(* Let $R$ be a commutative ring with $1$, $n\ge1$, and $\phi$ an $R$-algebra endomorphism of $R^{[2n]}=R[X_1,\ldots,X_{2n}]$. Then $\phi$ is symplectic if and only if $\phi$ is an endomorphism of the Poisson algebra $P_n(R)$. If moreover one of these holds and $n!$ is invertible in $R$, then $\det(J\phi)=1$, where $J\phi=\left(\frac{\partial\phi(X_i)}{\partial X_j}\right)_{1\le i,j\le 2n}$.
   Context: The Poisson bracket on $R^{[2n]}$ is $\{f,g\}=\sum_{i=1}^n\left(\frac{\partial f}{\partial X_i}\frac{\partial g}{\partial X_{i+n}}-\frac{\partial f}{\partial X_{i+n}}\frac{\partial g}{\partial X_i}\right)$; $P_n(R)$ is $R^{[2n]}$ with this bracket, and an endomorphism of $P_n(R)$ is an $R$-algebra endomorphism $\phi$ with $\{\phi(f),\phi(g)\}=\{f,g\}$ for all $f,g$. Let $E=(R^{[2n]})^{2n}$ with canonical basis $(e_1,\ldots,e_{2n})$ and dual basis $(e_i^* )$, and $\omega=\sum_{i=1}^n e_i^*\wedge e_{i+n}^*$. For $\phi$ let $L_\phi$ be the $R^{[2n]}$-linear endomorphism of $E$ with $L_\phi(e_p)=\sum_{j}\frac{\partial\phi(X_p)}{\partial X_j}e_j$. $\phi$ is symplectic if $\omega\circ(L_\phi,L_\phi)=\omega$. *)

theory Defs
  imports "HOL-Library.Poly_Mapping" "Jordan_Normal_Form.Determinant"
begin

text \<open>Polynomials in the variables X_0, X_1, ... (0-indexed) with coefficients in 'a:
  finitely supported maps from monomials (exponent vectors) to coefficients.
  R^[2n] is the subring of those polynomials only involving X_0, ..., X_(2n-1).\<close>

type_synonym 'a mpoly = "(nat \<Rightarrow>\<^sub>0 nat) \<Rightarrow>\<^sub>0 'a"

definition polyring :: "nat \<Rightarrow> ('a::comm_ring_1) mpoly set" where
  "polyring N = {f. \<forall>m \<in> Poly_Mapping.keys f. Poly_Mapping.keys m \<subseteq> {..<N}}"

definition Var :: "nat \<Rightarrow> ('a::comm_ring_1) mpoly" where
  "Var i = Poly_Mapping.single (Poly_Mapping.single i 1) 1"

definition Const :: "'a::comm_ring_1 \<Rightarrow> 'a mpoly" where
  "Const c = Poly_Mapping.single 0 c"

definition pd :: "nat \<Rightarrow> ('a::comm_ring_1) mpoly \<Rightarrow> 'a mpoly" where
  "pd i f = (\<Sum>m \<in> Poly_Mapping.keys f.
      Poly_Mapping.single (m - Poly_Mapping.single i 1)
        (of_nat (Poly_Mapping.lookup m i) * Poly_Mapping.lookup f m))"

definition bracket :: "nat \<Rightarrow> ('a::comm_ring_1) mpoly \<Rightarrow> 'a mpoly \<Rightarrow> 'a mpoly" where
  "bracket n f g = (\<Sum>i<n. pd i f * pd (i+n) g - pd (i+n) f * pd i g)"

definition alg_endo :: "nat \<Rightarrow> (('a::comm_ring_1) mpoly \<Rightarrow> 'a mpoly) \<Rightarrow> bool" where
  "alg_endo n \<phi> \<longleftrightarrow>
     (\<forall>f \<in> polyring (2*n). \<phi> f \<in> polyring (2*n)) \<and>
     (\<forall>f \<in> polyring (2*n). \<forall>g \<in> polyring (2*n). \<phi> (f + g) = \<phi> f + \<phi> g) \<and>
     (\<forall>f \<in> polyring (2*n). \<forall>g \<in> polyring (2*n). \<phi> (f * g) = \<phi> f * \<phi> g) \<and>
     \<phi> 1 = 1 \<and>
     (\<forall>c. \<forall>f \<in> polyring (2*n). \<phi> (Const c * f) = Const c * \<phi> f)"

definition poisson_endo :: "nat \<Rightarrow> (('a::comm_ring_1) mpoly \<Rightarrow> 'a mpoly) \<Rightarrow> bool" where
  "poisson_endo n \<phi> \<longleftrightarrow> alg_endo n \<phi> \<and>
     (\<forall>f \<in> polyring (2*n). \<forall>g \<in> polyring (2*n).
        bracket n (\<phi> f) (\<phi> g) = \<phi> (bracket n f g))"

text \<open>Elements of E = (R^[2n])^(2n) are represented by functions nat => mpoly whose
  entries (at indices < 2n) lie in R^[2n]; only indices < 2n matter.\<close>
definition Evec :: "nat \<Rightarrow> (nat \<Rightarrow> ('a::comm_ring_1) mpoly) set" where
  "Evec n = {u. \<forall>i < 2*n. u i \<in> polyring (2*n)}"

text \<open>omega = sum_(i<n) e_i^* wedge e_(i+n)^*.\<close>
definition omega :: "nat \<Rightarrow> (nat \<Rightarrow> ('a::comm_ring_1) mpoly) \<Rightarrow> (nat \<Rightarrow> 'a mpoly) \<Rightarrow> 'a mpoly" where
  "omega n u v = (\<Sum>i<n. u i * v (i+n) - u (i+n) * v i)"

text \<open>L_phi(e_p) = sum_j d phi(X_p)/d X_j e_j, extended R^[2n]-linearly.\<close>
definition Lphi :: "nat \<Rightarrow> (('a::comm_ring_1) mpoly \<Rightarrow> 'a mpoly) \<Rightarrow> (nat \<Rightarrow> 'a mpoly) \<Rightarrow> (nat \<Rightarrow> 'a mpoly)" where
  "Lphi n \<phi> u = (\<lambda>j. if j < 2*n then (\<Sum>p<2*n. u p * pd j (\<phi> (Var p))) else 0)"

definition symplectic :: "nat \<Rightarrow> (('a::comm_ring_1) mpoly \<Rightarrow> 'a mpoly) \<Rightarrow> bool" where
  "symplectic n \<phi> \<longleftrightarrow>
     (\<forall>u \<in> Evec n. \<forall>v \<in> Evec n. omega n (Lphi n \<phi> u) (Lphi n \<phi> v) = omega n u v)"

definition jac :: "nat \<Rightarrow> (('a::comm_ring_1) mpoly \<Rightarrow> 'a mpoly) \<Rightarrow> 'a mpoly mat" where
  "jac n \<phi> = mat (2*n) (2*n) (\<lambda>(i,j). pd j (\<phi> (Var i)))"

end

(*
  The chain rule reads: the gradient of phi f is L_phi applied to phi of the gradient of f.
  Since {f, g} = omega (grad f) (grad g) and
  omega (L_phi u) (L_phi v) = sum_(p,q) u_p v_q {phi X_p, phi X_q},
  being symplectic and being a Poisson endomorphism are both equivalent to preserving
  the canonical brackets {X_p, X_q}.

  For the determinant let J be the Jacobian and x_ab = sum_(c<n) J_(a,c) J_(b,c+n), so that
  {phi X_a, phi X_b} = x_ab - x_ba. The alternating pairing sum
  P(Y) = sum_sigma sgn sigma * prod_(i<n) Y (sigma i) (sigma (i+n)) satisfies
  P(Y - Y^T) = 2^n P(Y) and, a Pfaffian-type identity, P(x) = n! det J. Comparing phi with
  the identity gives 2^n n! det J = 2^n n!, and for n >= 2 the factor 2^n n! is a unit because
  2 divides n!.
*)

theory Submission
  imports Defs
begin

section \<open>Formal partial derivatives\<close>

lemma pd_eq_sum_superset:
  assumes "finite K" "Poly_Mapping.keys f \<subseteq> K"
  shows "pd i f = (\<Sum>m\<in>K. Poly_Mapping.single (m - Poly_Mapping.single i 1)
        (of_nat (Poly_Mapping.lookup m i) * Poly_Mapping.lookup f m))"
  unfolding pd_def
  by (rule sum.mono_neutral_left) (use assms in \<open>auto simp: in_keys_iff\<close>)

lemma pd_add: "pd i (f + g) = pd i f + pd i g"
proof -
  let ?K = "Poly_Mapping.keys f \<union> Poly_Mapping.keys g"
  have "Poly_Mapping.keys (f + g) \<subseteq> ?K" by (rule keys_add)
  then show ?thesis
    by (simp add: pd_eq_sum_superset[of ?K f] pd_eq_sum_superset[of ?K g]
        pd_eq_sum_superset[of ?K "f + g"] lookup_add distrib_left single_add sum.distrib)
qed

lemma pd_zero [simp]: "pd i 0 = 0"
  by (simp add: pd_def)

lemma pd_sum: "pd i (sum h S) = (\<Sum>x\<in>S. pd i (h x))"
  by (induction S rule: infinite_finite_induct) (auto simp: pd_add)
(* Consider the online algorithm selection procedure that maximizes $\mathrm{OneMax}$ on $\{0,1\}^n$ by starting from a uniformly random search point, running the $(1+\lambda)$ EA with population size $\lambda_1$ until it holds an individual at distance at most $D$ from the optimum $1^n$, and then switching to the $(1+(\lambda,\lambda))$ GA with population size $\lambda_2$ (initialized with that individual) until the optimum is found. Assume that, as functions of $n$: (a) $\lambda_1=O\left(\frac{\log\log n\,\log\log\log n}{\log\log\log\log n}\right)$; (b) $D\ge n/(\log n)^c$ for some constant $c>0$ and $D=O\left(\frac{n(\log\log n)^2}{\log n}\right)$; (c) $\lambda_2=\Omega\left(\frac{\log n}{\log\log n}\right)$ and $\lambda_2=O\left(\frac{n}{D}\log\log n\right)$. Then the expected number of fitness evaluations until the optimum is found is $O(n\log\log n)$.
   Context: $\mathrm{OneMax}(x)=\sum_{i=1}^n x_i$, optimum $1^n$; distance = number of zero-bits. The $(1+\lambda)$ EA keeps one individual $x$; each iteration creates $\lambda$ offspring independently by flipping each bit of $x$ independently with probability $1/n$, picks a best offspring $y$ (ties arbitrary), and sets $x\gets y$ if $f(y)\ge f(x)$; cost $\lambda$ evaluations per iteration. The $(1+(\lambda,\lambda))$ GA with parameter $\lambda\in[1..n]$ keeps one individual $x$; each iteration: sample $\ell\sim\mathrm{Bin}(n,\lambda/n)$, create $\lambda$ offspring each flipping exactly $\ell$ uniformly random distinct positions of $x$, let $x'$ be a best one (ties uniformly at random); then create $\lambda$ offspring each taking independently per position the bit of $x'$ with probability $1/\lambda$ and of $x$ otherwise; let $y$ be a best one; set $x\gets y$ if $f(y)\ge f(x)$. Cost $2\lambda$ evaluations per iteration. *)

theory Defs
  imports "HOL-Probability.Probability" "HOL-Library.Landau_Symbols"
begin
theorem proposition5:
  fixes M :: "'a measure"
    and L :: nat and P pB b \<epsilon> :: real
    and \<beta> :: "nat \<Rightarrow> 'a \<Rightarrow> nat"
    and \<theta> :: "nat \<Rightarrow> 'a \<Rightarrow> real"
    and \<phi> :: "nat \<Rightarrow> nat \<Rightarrow> 'a \<Rightarrow> real"
  assumes "prob_space M"
    and "L \<ge> 1" and "P \<ge> 0" and "0 \<le> pB" and "pB \<le> 1"
    and "b > 0" and "b \<noteq> 1"
    and beta_rv: "\<And>l. l \<in> {1..L} \<Longrightarrow> \<beta> l \<in> measurable M (count_space UNIV)"
    and beta0: "\<And>l. l \<in> {1..L} \<Longrightarrow> measure M {x \<in> space M. \<beta> l x = 0} = pB"
    and beta1: "\<And>l. l \<in> {1..L} \<Longrightarrow> measure M {x \<in> space M. \<beta> l x = 1} = 1 - pB"
    and theta_unif: "\<And>l. l \<in> {1..L} \<Longrightarrow> \<theta> l \<in> borel_measurable M \<and> distr M lborel (\<theta> l) = unif_2pi"
    and phi_unif: "\<And>l k. l \<in> {1..L} \<Longrightarrow> k \<ge> 1 \<Longrightarrow>
                      \<phi> l k \<in> borel_measurable M \<and> distr M lborel (\<phi> l k) = unif_2pi"
    and indep: "prob_space.indep_vars M (\<lambda>_. borel)
        (\<lambda>i. case i of IBeta l \<Rightarrow> (\<lambda>x. real (\<beta> l x)) | ITheta l \<Rightarrow> \<theta> l | IPhi l k \<Rightarrow> \<phi> l k)
        (IBeta ` {1..L} \<union> ITheta ` {1..L} \<union> {IPhi l k | l k. l \<in> {1..L} \<and> k \<ge> 1})"
    and "\<epsilon> > 0"
  shows "(\<lambda>K::nat. measure M {x \<in> space M.
            \<bar>(1 / real K) * (\<Sum>k=1..K. log b (1 + (cmod (\<Sum>l=1..L. of_nat (\<beta> l x) * cis (\<theta> l x + \<phi> l k x)))\<^sup>2 * P))
              - Rbar b P (\<Sum>l=1..L. \<beta> l x)\<bar> \<ge> \<epsilon>}) \<longlonglongrightarrow> 0"
proof -
  interpret prob_space M by fact
  have beta_binary: "AE x in M. \<forall>l\<in>{1..L}. \<beta> l x = 0 \<or> \<beta> l x = 1"
    using AE_two_valued[OF beta_rv _ beta0 beta1] by (intro AE_finite_allI) auto
  interpret phase_diversity M L \<beta> \<theta> \<phi>
    using assms beta_binary by unfold_locales auto
  define C where "C = (2 * \<bar>log b (1 + (real L)\<^sup>2 * P)\<bar>)\<^sup>2 / \<epsilon>\<^sup>2"
  show ?thesis
  proof (rule tendsto_sandwich[where f="\<lambda>_. 0" and h="\<lambda>K. C / real K"])
    show "\<forall>\<^sub>F K in sequentially. measure M {x \<in> space M.
            \<bar>(1 / real K) * (\<Sum>k=1..K. log b (1 + (cmod (\<Sum>l=1..L. of_nat (\<beta> l x) * cis (\<theta> l x + \<phi> l k x)))\<^sup>2 * P))
              - Rbar b P (\<Sum>l=1..L. \<beta> l x)\<bar> \<ge> \<epsilon>} \<le> C / real K"
      using eventually_ge_at_top[of 1]
      by eventually_elim (use prob_rate_average_deviation_le[OF \<open>P \<ge> 0\<close> _ \<open>\<epsilon> > 0\<close>] in \<open>simp add: C_def ac_simps\<close>)
  qed (auto intro: lim_const_over_n)
qed

end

# # # # # # #

- [Task instructions]:
All lines above with the word "have" need to be reported.

- [Reply to the task]:
  have "Poly_Mapping.keys (f + g) \<subseteq> ?K" by (rule keys_add)
  have beta_binary: "AE x in M. \<forall>l\<in>{1..L}. \<beta> l x = 0 \<or> \<beta> l x = 1"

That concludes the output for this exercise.